* How to complete this task *
Pick out the lines below that include the string "open".

□ □ □

(* Fix $\epsilon>0$, integers $2\le k\le n$, terminals $T=\{s_1,\dots,s_k\}\subseteq[n]$, and a cost function $c$. Let $\hat x^*$ be the output of the mechanism that samples independent $Z_{\{t,u\}}\sim\mathsf{Lap}(\sqrt2k/\epsilon)$ for every $t\in T$, $u\in[n]\setminus T$ and returns an optimal solution of $$\min_{x}\ \sum_{\{u,v\},u\neq v}c(u,v)\|x_u-x_v\|_1+\sum_{t\in T}\sum_{u\in[n]\setminus T}Z_{\{t,u\}}\|x_t-x_u\|_1\quad\text{s.t. } x_{s_i}=\mathbf{e}_i\ (i\in[k]),\ x_u\in\Delta_k\ (u\in[n]).$$ Then $\mathbb{E}[\mathcal{E}(\hat x^* )]-\mathsf{OPT}(c,n,k)\le O\!\left(\frac{nk\log k}{\epsilon}\right)$, and with high probability $\mathcal{E}(\hat x^* )-\mathsf{OPT}(c,n,k)\le O\!\left(\frac{nk\log(nk)}{\epsilon}\right)$.
   Context: $\Delta_k=\{x\in\mathbb{R}^k_{\ge0}:\sum_{i}x^{(i)}=1\}$; $\mathbf{e}_i$ is the $i$-th standard basis vector. A cost function is a symmetric $c:[n]\times[n]\to\mathbb{R}_{\ge0}$. For $x\in(\Delta_k)^n$, $\mathcal{E}(x)=\sum_{\{u,v\},u\ne v}c(u,v)\|x_u-x_v\|_1$, and $\mathsf{OPT}(c,n,k)$ is the minimum of $\mathcal{E}(x)$ over $x\in(\Delta_k)^n$ with $x_{s_i}=\mathbf{e}_i$ for all $i$. $\mathsf{Lap}(b)$ is the Laplace distribution with density $\frac1{2b}e^{-|x|/b}$. *)

theory Defs
  imports "HOL-Probability.Probability"
begin

text \<open>Vertices are [n] = {..<n}, colours/coordinates are [k] = {..<k}.
  A point assignment is x :: nat => nat => real, with x u i the i-th coordinate of x_u.\<close>

definition l1dist :: "nat \<Rightarrow> (nat \<Rightarrow> real) \<Rightarrow> (nat \<Rightarrow> real) \<Rightarrow> real" where
  "l1dist k p q = (\<Sum>i<k. \<bar>p i - q i\<bar>)"

definition in_simplex :: "nat \<Rightarrow> (nat \<Rightarrow> real) \<Rightarrow> bool" where
  "in_simplex k p \<longleftrightarrow> (\<forall>i<k. 0 \<le> p i) \<and> (\<Sum>i<k. p i) = 1"

definition basis_vec :: "nat \<Rightarrow> nat \<Rightarrow> real" where
  "basis_vec i = (\<lambda>j. if j = i then 1 else 0)"

definition feasible :: "nat \<Rightarrow> nat \<Rightarrow> (nat \<Rightarrow> nat) \<Rightarrow> (nat \<Rightarrow> nat \<Rightarrow> real) \<Rightarrow> bool" where
  "feasible n k s x \<longleftrightarrow> (\<forall>u<n. in_simplex k (x u)) \<and>
     (\<forall>i<k. \<forall>j<k. x (s i) j = basis_vec i j)"

definition energy :: "nat \<Rightarrow> nat \<Rightarrow> (nat \<Rightarrow> nat \<Rightarrow> real) \<Rightarrow> (nat \<Rightarrow> nat \<Rightarrow> real) \<Rightarrow> real" where
  "energy n k c x = (\<Sum>(u,v)\<in>{(u,v). u < v \<and> v < n}. c u v * l1dist k (x u) (x v))"

definition OPT :: "(nat \<Rightarrow> nat \<Rightarrow> real) \<Rightarrow> nat \<Rightarrow> nat \<Rightarrow> (nat \<Rightarrow> nat) \<Rightarrow> real" where
  "OPT c n k s = Inf {energy n k c x | x. feasible n k s x}"

definition terminals :: "nat \<Rightarrow> (nat \<Rightarrow> nat) \<Rightarrow> nat set" where
  "terminals k s = s ` {..<k}"

text \<open>Index set of the noise variables: the unordered pair {t,u} with t a terminal and
  u a non-terminal is represented by the ordered pair (t,u).\<close>
definition noise_index :: "nat \<Rightarrow> nat \<Rightarrow> (nat \<Rightarrow> nat) \<Rightarrow> (nat \<times> nat) set" where
  "noise_index n k s = terminals k s \<times> ({..<n} - terminals k s)"

definition noisy_objective ::
  "nat \<Rightarrow> nat \<Rightarrow> (nat \<Rightarrow> nat) \<Rightarrow> (nat \<Rightarrow> nat \<Rightarrow> real) \<Rightarrow> (nat \<times> nat \<Rightarrow> real)
     \<Rightarrow> (nat \<Rightarrow> nat \<Rightarrow> real) \<Rightarrow> real" where
  "noisy_objective n k s c Z x = energy n k c x +
     (\<Sum>t\<in>terminals k s. \<Sum>u\<in>{..<n} - terminals k s. Z (t,u) * l1dist k (x t) (x u))"

definition noisy_optimal ::
  "nat \<Rightarrow> nat \<Rightarrow> (nat \<Rightarrow> nat) \<Rightarrow> (nat \<Rightarrow> nat \<Rightarrow> real) \<Rightarrow> (nat \<times> nat \<Rightarrow> real)
     \<Rightarrow> (nat \<Rightarrow> nat \<Rightarrow> real) \<Rightarrow> bool" where
  "noisy_optimal n k s c Z x \<longleftrightarrow> feasible n k s x \<and>
     (\<forall>y. feasible n k s y \<longrightarrow> noisy_objective n k s c Z x \<le> noisy_objective n k s c Z y)"

definition laplace_density :: "real \<Rightarrow> real \<Rightarrow> real" where
  "laplace_density b x = exp (- \<bar>x\<bar> / b) / (2 * b)"

definition laplace :: "real \<Rightarrow> real measure" where
  "laplace b = density lborel (\<lambda>x. ennreal (laplace_density b x))"

definition noise_measure :: "real \<Rightarrow> nat \<Rightarrow> nat \<Rightarrow> (nat \<Rightarrow> nat) \<Rightarrow> (nat \<times> nat \<Rightarrow> real) measure" where
  "noise_measure eps n k s = PiM (noise_index n k s) (\<lambda>_. laplace (sqrt 2 * real k / eps))"

definition valid_instance :: "nat \<Rightarrow> nat \<Rightarrow> (nat \<Rightarrow> nat) \<Rightarrow> (nat \<Rightarrow> nat \<Rightarrow> real) \<Rightarrow> bool" where
  "valid_instance n k s c \<longleftrightarrow> 2 \<le> k \<and> k \<le> n \<and> inj_on s {..<k} \<and> s ` {..<k} \<subseteq> {..<n} \<and>
     (\<forall>u v. c u v = c v u) \<and> (\<forall>u v. 0 \<le> c u v)"

end

theory Submission
  imports Defs
begin

text \<open>For a noisy optimum x and any feasible y, optimality gives
  E(x) - E(y) \<le> N(y) - N(x), where N is the noise term. Since terminals sit at basis vectors,
  the l1 distance between e_i and x_u is 2 - 2 x_u(i), so each non-terminal u contributes at most
  4 max_i |Z(s_i, u)|. Both bounds then come from the exponential moment E exp(|Z|/(2b)) = 2 of
  Lap(b): the expectation via |z| \<le> 2b ln k + (2b/k) exp(|z|/(2b)), the tail via Markov's
  inequality and a union bound over the at most nk noise variables.\<close>

section \<open>The Laplace distribution\<close>

lemma nn_integral_exp_neg_abs:
  fixes c :: real
  assumes c: "c > 0"
  shows "(\<integral>\<^sup>+x. ennreal (exp (- (\<bar>x\<bar> / c))) \<partial>lborel) = ennreal (2 * c)"
proof -
  let ?e = "\<lambda>x. ennreal (exponential_density (1 / c) x)"
  have e_one: "(\<integral>\<^sup>+x. ?e x \<partial>lborel) = 1"
    using prob_space.emeasure_space_1[OF prob_space_exponential_density[of "1 / c"]] c
    by (simp add: emeasure_density)
  have e_reflected_one: "(\<integral>\<^sup>+x. ?e (- x) \<partial>lborel) = 1"
    using nn_integral_real_affine[of ?e "-1" 0] e_one by simp
  \<comment> \<open>the two one-sided exponential densities of rate 1/c cover the two half-lines\<close>
  have "AE x in lborel. ennreal (exp (- (\<bar>x\<bar> / c))) = ennreal c * ?e x + ennreal c * ?e (- x)"
    using AE_lborel_singleton[of 0]
  proof eventually_elim
    case (elim x)
    then have "exp (- (\<bar>x\<bar> / c)) = c * exponential_density (1 / c) x + c * exponential_density (1 / c) (- x)"
      using c by (auto simp: exponential_density_def abs_if field_simps)
    then show ?case
      using c by (simp add: exponential_density_nonneg ennreal_plus ennreal_mult)
  qed
  then have "(\<integral>\<^sup>+x. ennreal (exp (- (\<bar>x\<bar> / c))) \<partial>lborel)
      = (\<integral>\<^sup>+x. ennreal c * ?e x + ennreal c * ?e (- x) \<partial>lborel)"
    by (rule nn_integral_cong_AE)
  also have "\<dots> = ennreal c * (\<integral>\<^sup>+x. ?e x \<partial>lborel) + ennreal c * (\<integral>\<^sup>+x. ?e (- x) \<partial>lborel)"
    by (simp add: nn_integral_add nn_integral_cmult)
  also have "\<dots> = ennreal (2 * c)"
    using c by (simp add: e_one e_reflected_one ennreal_plus[symmetric] del: ennreal_plus)
  finally show ?thesis .
qed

□ □ □

* Written response *
text \<open>Vertices are [n] = {..<n}, colours/coordinates are [k] = {..<k}.
text \<open>Index set of the noise variables: the unordered pair {t,u} with t a terminal and
text \<open>For a noisy optimum x and any feasible y, optimality gives
section \<open>The Laplace distribution\<close>
  \<comment> \<open>the two one-sided exponential densities of rate 1/c cover the two half-lines\<close>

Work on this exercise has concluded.